lemma card_eq_card_remove_image_plus_card_pairs:
  assumes "finite F"
  shows "card F = card ((\<lambda>A. A - {x}) ` F) + card {A \<in> F. x \<notin> A \<and> insert x A \<in> F}"
proof -
  define Fa where "Fa = {A \<in> F. x \<notin> A}"
  define G where "G = (\<lambda>A. A - {x}) ` {A \<in> F. x \<in> A}"
  have fin: "finite Fa" "finite G" using assms by (auto simp: Fa_def G_def)
  have "inj_on (\<lambda>A. A - {x}) {A \<in> F. x \<in> A}" by (auto intro: inj_onI)
  then have "card G = card {A \<in> F. x \<in> A}" by (simp add: G_def card_image)
  moreover have "card F = card Fa + card {A \<in> F. x \<in> A}"
    using assms by (subst card_Un_disjoint[symmetric]) (auto simp: Fa_def intro: arg_cong[where f = card])
  moreover have image_eq: "(\<lambda>A. A - {x}) ` F = Fa \<union> G"
  proof (intro equalityI subsetI)
    fix B assume "B \<in> (\<lambda>A. A - {x}) ` F"
    then obtain A where "A \<in> F" "B = A - {x}" by blast
    then show "B \<in> Fa \<union> G" by (cases "x \<in> A") (auto simp: Fa_def G_def)
  next
    fix B assume "B \<in> Fa \<union> G"
    then show "B \<in> (\<lambda>A. A - {x}) ` F"
      by (auto simp: Fa_def G_def intro: image_eqI[of _ _ B])
  qed
  moreover have pairs_eq: "{A \<in> F. x \<notin> A \<and> insert x A \<in> F} = Fa \<inter> G"
  proof (intro equalityI subsetI)
    fix A assume "A \<in> {A \<in> F. x \<notin> A \<and> insert x A \<in> F}"
    then show "A \<in> Fa \<inter> G" by (auto simp: Fa_def G_def intro: image_eqI[of _ _ "insert x A"])
  next
    fix A assume "A \<in> Fa \<inter> G"
    then obtain B where "B \<in> F" "x \<in> B" "A = B - {x}" by (auto simp: G_def)
    with \<open>A \<in> Fa \<inter> G\<close> show "A \<in> {A \<in> F. x \<notin> A \<and> insert x A \<in> F}"
      by (auto simp: Fa_def insert_absorb)
  qed
  ultimately show ?thesis
    unfolding image_eq pairs_eq using card_Un_Int[OF fin] by linarith
qed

* * * * *

*Aim of the task*
Your answer should be each line from the preceding material in which the word "define" occurs.

*Response*
  define Fa where "Fa = {A \<in> F. x \<notin> A}"
  define G where "G = (\<lambda>A. A - {x}) ` {A \<in> F. x \<in> A}"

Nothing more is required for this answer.